Serving the Coachella Valley, the clinic treats children, adults and the elderly with Down syndrome, autism, cerebral palsy, epilepsy, mental retardation, muscular sclerosis, bi-polar and brain damage.

“We don’t have to find patients.” Glick says. “They seem to find us.” Since such a practice model is fairly rare, word of We Care got out to the disabled community very quickly via referrals and the local dental societies. “We find that our demographic population will drive hours to receive dental treatment for family and loved ones,” Glick notes.

Unfortunately, many of these patients cannot afford to pay for the care they receive. The money they earn goes toward covering their immediate living expenses, and dental insurance is rare. For this reason, most services provided by the clinic are provided at no charge to the patient. Since all nonprofit organizations are competing for the same dollar in this economic time, it is difficult for the center to attain the needed funds. Glick says most of its funds are obtained through fundraisers as well as grants from various private and governmental agencies.

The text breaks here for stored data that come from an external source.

(* Let $\mathfrak{v}=\mathfrak{v}_{\bar 0}\oplus\mathfrak{v}_{\bar 1}$ be a finite-dimensional complex superspace, $\chi\in\mathfrak{v}_{\bar 0}^*$, and $\hat A$ the completion of $S[\mathfrak{v}]$ at $M_\chi$, with an even continuous Poisson bracket $\{\cdot,\cdot\}$. (i) If there are odd $f,g\in\hat AM_\chi$ with $\{f,g\}=1+t$ for some $t\in M_\chi$, then there exists an odd $h\in\hat A$ with $\{h,h\}=1$. (ii) For an odd $h\in\hat A$ with $\{h,h\}=1$, let $\hat B_1=\ker(\mathrm{ad}_h)$. Then $\phi:\bigwedge(\mathbb{C}h)\otimes\hat B_1\to\hat A$, $a\otimes b\mapsto ab$, is an isomorphism of Poisson algebras.
   Context: $M_\chi$ is the ideal generated by $x-\chi(x)$, $x\in\mathfrak{v}$ ($\chi$ extended by zero on $\mathfrak{v}_{\bar 1}$), $\hat A=\varprojlim S[\mathfrak{v}]/M_\chi^k$; $\mathrm{ad}_h=\{h,\cdot\}$. $\bigwedge(\mathbb{C}h)=\mathbb{C}\oplus\mathbb{C}h$ carries the Poisson bracket with $\{h,h\}=1$. *)

theory Defs
  imports Complex_Main
begin

text \<open>
  Choose a basis x_0..x_{m-1} of the even part and
  xi_0..xi_{n-1} of the odd part of the superspace v.  Put y_i = x_i - chi(x_i)
  (and xi_j - chi(xi_j) = xi_j since chi vanishes on the odd part).  Then
  M_chi is generated by the y_i and xi_j, and the M_chi-adic completion
  of S[v] is the algebra of formal power series in the commuting variables y_i
  with coefficients in the Grassmann algebra on the xi_j.
  An element is represented by its coefficient function:
  a alpha S = coefficient of y^alpha * xi_S, where alpha : nat => nat is an
  exponent vector supported in {..<m}, S a subset of {..<n}, and xi_S is the
  product of the xi_j, j in S, in increasing order.
\<close>

type_synonym ser = "(nat \<Rightarrow> nat) \<Rightarrow> nat set \<Rightarrow> complex"

definition valid_idx :: "nat \<Rightarrow> nat \<Rightarrow> (nat \<Rightarrow> nat) \<Rightarrow> nat set \<Rightarrow> bool" where
  "valid_idx m n \<alpha> S \<longleftrightarrow> (\<forall>i\<ge>m. \<alpha> i = 0) \<and> S \<subseteq> {..<n}"

definition Ahat :: "nat \<Rightarrow> nat \<Rightarrow> ser set" where
  "Ahat m n = {a. \<forall>\<alpha> S. \<not> valid_idx m n \<alpha> S \<longrightarrow> a \<alpha> S = 0}"

definition szero :: ser where "szero = (\<lambda>\<alpha> S. 0)"
definition sone :: ser where "sone = (\<lambda>\<alpha> S. if (\<forall>i. \<alpha> i = 0) \<and> S = {} then 1 else 0)"
definition sadd :: "ser \<Rightarrow> ser \<Rightarrow> ser" where "sadd a b = (\<lambda>\<alpha> S. a \<alpha> S + b \<alpha> S)"
definition sneg :: "ser \<Rightarrow> ser" where "sneg a = (\<lambda>\<alpha> S. - a \<alpha> S)"
definition sscal :: "complex \<Rightarrow> ser \<Rightarrow> ser" where "sscal c a = (\<lambda>\<alpha> S. c * a \<alpha> S)"

text \<open>Sign of the permutation sorting xi_T * xi_U (T, U disjoint) into xi_{T \<union> U}.\<close>
definition shuffle_sign :: "nat set \<Rightarrow> nat set \<Rightarrow> complex" where
  "shuffle_sign T U = (-1) ^ card {(i, j). i \<in> T \<and> j \<in> U \<and> j < i}"

text \<open>Multiplication of super power series (y's commute with everything, xi's anticommute).\<close>
definition smult :: "ser \<Rightarrow> ser \<Rightarrow> ser" where
  "smult a b = (\<lambda>\<alpha> S. \<Sum>\<beta>\<in>{\<beta>. \<forall>i. \<beta> i \<le> \<alpha> i}. \<Sum>T\<in>Pow S.
      shuffle_sign T (S - T) * a \<beta> T * b (\<lambda>i. \<alpha> i - \<beta> i) (S - T))"

text \<open>Parity: \<open>homog m n p a\<close> means a is homogeneous of parity p (True = odd).\<close>
definition homog :: "nat \<Rightarrow> nat \<Rightarrow> bool \<Rightarrow> ser \<Rightarrow> bool" where
  "homog m n p a \<longleftrightarrow> a \<in> Ahat m n \<and> (\<forall>\<alpha> S. odd (card S) \<noteq> p \<longrightarrow> a \<alpha> S = 0)"

definition spar :: "ser \<Rightarrow> ser" where
  "spar a = (\<lambda>\<alpha> S. (-1) ^ card S * a \<alpha> S)"

definition ssign :: "bool \<Rightarrow> bool \<Rightarrow> complex" where
  "ssign p q = (if p \<and> q then -1 else 1)"

text \<open>(Closure in \<open>\<hat>A\<close> of) the k-th power of M_chi: series of order at least k,
  where y_i and xi_j have degree 1.  \<open>mhat m n 1\<close> is the ideal \<open>\<hat>A M_chi\<close>.\<close>
definition mhat :: "nat \<Rightarrow> nat \<Rightarrow> nat \<Rightarrow> ser set" where
  "mhat m n k = {a \<in> Ahat m n. \<forall>\<alpha> S. (\<Sum>i<m. \<alpha> i) + card S < k \<longrightarrow> a \<alpha> S = 0}"

definition poisson_bracket :: "nat \<Rightarrow> nat \<Rightarrow> (ser \<Rightarrow> ser \<Rightarrow> ser) \<Rightarrow> bool" where
  "poisson_bracket m n br \<longleftrightarrow>
     (\<forall>a\<in>Ahat m n. \<forall>b\<in>Ahat m n. br a b \<in> Ahat m n) \<and>
     (\<forall>a\<in>Ahat m n. \<forall>b\<in>Ahat m n. \<forall>c\<in>Ahat m n.
        br (sadd a b) c = sadd (br a c) (br b c) \<and> br c (sadd a b) = sadd (br c a) (br c b)) \<and>
     (\<forall>z. \<forall>a\<in>Ahat m n. \<forall>b\<in>Ahat m n.
        br (sscal z a) b = sscal z (br a b) \<and> br a (sscal z b) = sscal z (br a b)) \<and>
     (\<forall>p q a b. homog m n p a \<longrightarrow> homog m n q b \<longrightarrow> homog m n (p \<noteq> q) (br a b)) \<and>
     (\<forall>p q a b. homog m n p a \<longrightarrow> homog m n q b \<longrightarrow>
        br a b = sneg (sscal (ssign p q) (br b a))) \<and>
     (\<forall>p q a b c. homog m n p a \<longrightarrow> homog m n q b \<longrightarrow> c \<in> Ahat m n \<longrightarrow>
        br a (smult b c) = sadd (smult (br a b) c) (sscal (ssign p q) (smult b (br a c)))) \<and>
     (\<forall>p q a b c. homog m n p a \<longrightarrow> homog m n q b \<longrightarrow> c \<in> Ahat m n \<longrightarrow>
        br a (br b c) = sadd (br (br a b) c) (sscal (ssign p q) (br b (br a c)))) \<and>
     (\<forall>k. \<exists>l. \<forall>a\<in>mhat m n l. \<forall>b\<in>Ahat m n. br a b \<in> mhat m n k \<and> br b a \<in> mhat m n k)"

text \<open>The Poisson superalgebra \<open>\<And>(\<complex>h) \<otimes> B\<close>: an element 1\<otimes>b0 + h\<otimes>b1 is the pair (b0, b1).
  Super tensor product sign rules, with h odd, h*h = 0, {h,h} = 1, {1,-} = 0:
   (x\<otimes>y)(x'\<otimes>y') = (-1)^{|y||x'|} xx'\<otimes>yy',
   {x\<otimes>y, x'\<otimes>y'} = (-1)^{|y||x'|} ({x,x'}\<otimes>yy' + xx'\<otimes>{y,y'}).\<close>
definition tadd :: "ser \<times> ser \<Rightarrow> ser \<times> ser \<Rightarrow> ser \<times> ser" where
  "tadd x y = (sadd (fst x) (fst y), sadd (snd x) (snd y))"
definition tscal :: "complex \<Rightarrow> ser \<times> ser \<Rightarrow> ser \<times> ser" where
  "tscal c x = (sscal c (fst x), sscal c (snd x))"
definition tone :: "ser \<times> ser" where "tone = (sone, szero)"
definition tmult :: "ser \<times> ser \<Rightarrow> ser \<times> ser \<Rightarrow> ser \<times> ser" where
  "tmult x y = (smult (fst x) (fst y),
                sadd (smult (spar (fst x)) (snd y)) (smult (snd x) (fst y)))"
definition tbr :: "(ser \<Rightarrow> ser \<Rightarrow> ser) \<Rightarrow> ser \<times> ser \<Rightarrow> ser \<times> ser \<Rightarrow> ser \<times> ser" where
  "tbr br x y = (sadd (br (fst x) (fst y)) (smult (spar (snd x)) (snd y)),
                 sadd (br (spar (fst x)) (snd y)) (br (snd x) (fst y)))"
definition tpar :: "ser \<times> ser \<Rightarrow> ser \<times> ser" where
  "tpar x = (spar (fst x), sneg (spar (snd x)))"

end

theory Submission
  imports Defs "HOL-Computational_Algebra.Formal_Power_Series"
begin

text \<open>
  (i) The odd element h0 = l f + u g has an even bracket {h0, h0} whose constant term is
  l^2 {f,f}(0) + 2 l u + u^2 {g,g}(0); choosing l, u makes it 1, so {h0, h0} = 1 + s with s in
  the maximal ideal.  Substituting s into the binomial series gives an even
  v = (1 + s)^(-1/2).  By Jacobi {h0, {h0, h0}} = 0, and applying {h0, -} to v^2 (1 + s) = 1
  then forces {h0, v} = 0; hence h = h0 v satisfies {h, h} = v^2 {h0, h0} = 1.

  (ii) If h is odd with {h, h} = 1, then ad_h is an odd derivation with ad_h^2 = 0 and
  ad_h (h b) = b - h ad_h b.  So every a is uniquely b0 + h b1 with b1 = {h, a} and
  b0 = a - h {h, a}, both in B1 = ker ad_h, and the Leibniz rule turns products and brackets
  of such sums into the sign rules of the super tensor product.
\<close>

lemma fun_diff_diff_cancel:
  fixes \<alpha> \<beta> :: "'a \<Rightarrow> nat"
  shows "\<beta> \<le> \<alpha> \<Longrightarrow> \<alpha> - (\<alpha> - \<beta>) = \<beta>"
  by (auto simp: le_fun_def fun_eq_iff)

lemma finite_atMost_fun:
  fixes \<alpha> :: "nat \<Rightarrow> nat"
  assumes "\<forall>i\<ge>m. \<alpha> i = 0"
  shows "finite {..\<alpha>}"
proof (rule finite_subset)
  let ?B = "{..\<Sum>i<m. \<alpha> i}"
  show "{..\<alpha>} \<subseteq> {\<beta>. \<forall>i. (i \<in> {..<m} \<longrightarrow> \<beta> i \<in> ?B) \<and> (i \<notin> {..<m} \<longrightarrow> \<beta> i = 0)}"
  proof (intro subsetI CollectI allI conjI impI)
    fix \<beta> i assume "\<beta> \<in> {..\<alpha>}"
    then have le: "\<beta> i \<le> \<alpha> i" by (simp add: le_fun_def)
    show "\<beta> i = 0" if "i \<notin> {..<m}" using le assms that by simp
    show "\<beta> i \<in> ?B" if "i \<in> {..<m}"
      using le member_le_sum[of i "{..<m}" \<alpha>] that by simp
  qed
  show "finite {\<beta>. \<forall>i. (i \<in> {..<m} \<longrightarrow> \<beta> i \<in> ?B) \<and> (i \<notin> {..<m} \<longrightarrow> \<beta> i = 0)}"
    by (rule finite_set_of_finite_funs) auto
qed

lemma card_Diff_add:
  assumes "T \<subseteq> S" "finite S"
  shows "card S = card T + card (S - T)"
  using assms by (metis card_Diff_subset card_mono finite_subset le_add_diff_inverse)

lemma sum_atMost_fun_flip:
  fixes \<alpha> :: "nat \<Rightarrow> nat"
  shows "(\<Sum>\<beta>\<le>\<alpha>. f \<beta>) = (\<Sum>\<beta>\<le>\<alpha>. f (\<alpha> - \<beta>))"
  by (rule sum.reindex_bij_witness[where i="\<lambda>\<beta>. \<alpha> - \<beta>" and j="\<lambda>\<beta>. \<alpha> - \<beta>"])
     (auto simp: fun_diff_diff_cancel, simp_all add: le_fun_def)

lemma sum_Pow_flip: "finite S \<Longrightarrow> (\<Sum>T\<in>Pow S. f T) = (\<Sum>T\<in>Pow S. f (S - T))"
  by (rule sum.reindex_bij_witness[where i="\<lambda>T. S - T" and j="\<lambda>T. S - T"]) (auto simp: double_diff)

We Care is looking for volunteer dentists, hygienists, dental assistants, and any other people or organizations willing to help. All you have to do is call and sign up. If you are interested in helping, call 760-565-6055 or email The We Care Dental Center is located at 42-900 Bob Hope Drive, Suite 111 in Rancho Mirage, California.

Remembering Russell Benson
During the writing of this article, Russell Benson (1940- 2012), co-founder of DFDD and We Care Dental, passed away. Benson was 71 and had dedicated his career to developing various charities and health-care infrastructures. He held the CFO position for the National Childhood Cancer Foundation in Arcadia, California. He went on to help develop the Nevada Cancer Institute in Las Vegas, Nevada, where he was the executive vice president/ CFO. He co-founded DFDD with his wife after he retired. His dream was to open We Care Dental Center, a legacy he has left to the world. He died March 17, 2012 and services were held March 31.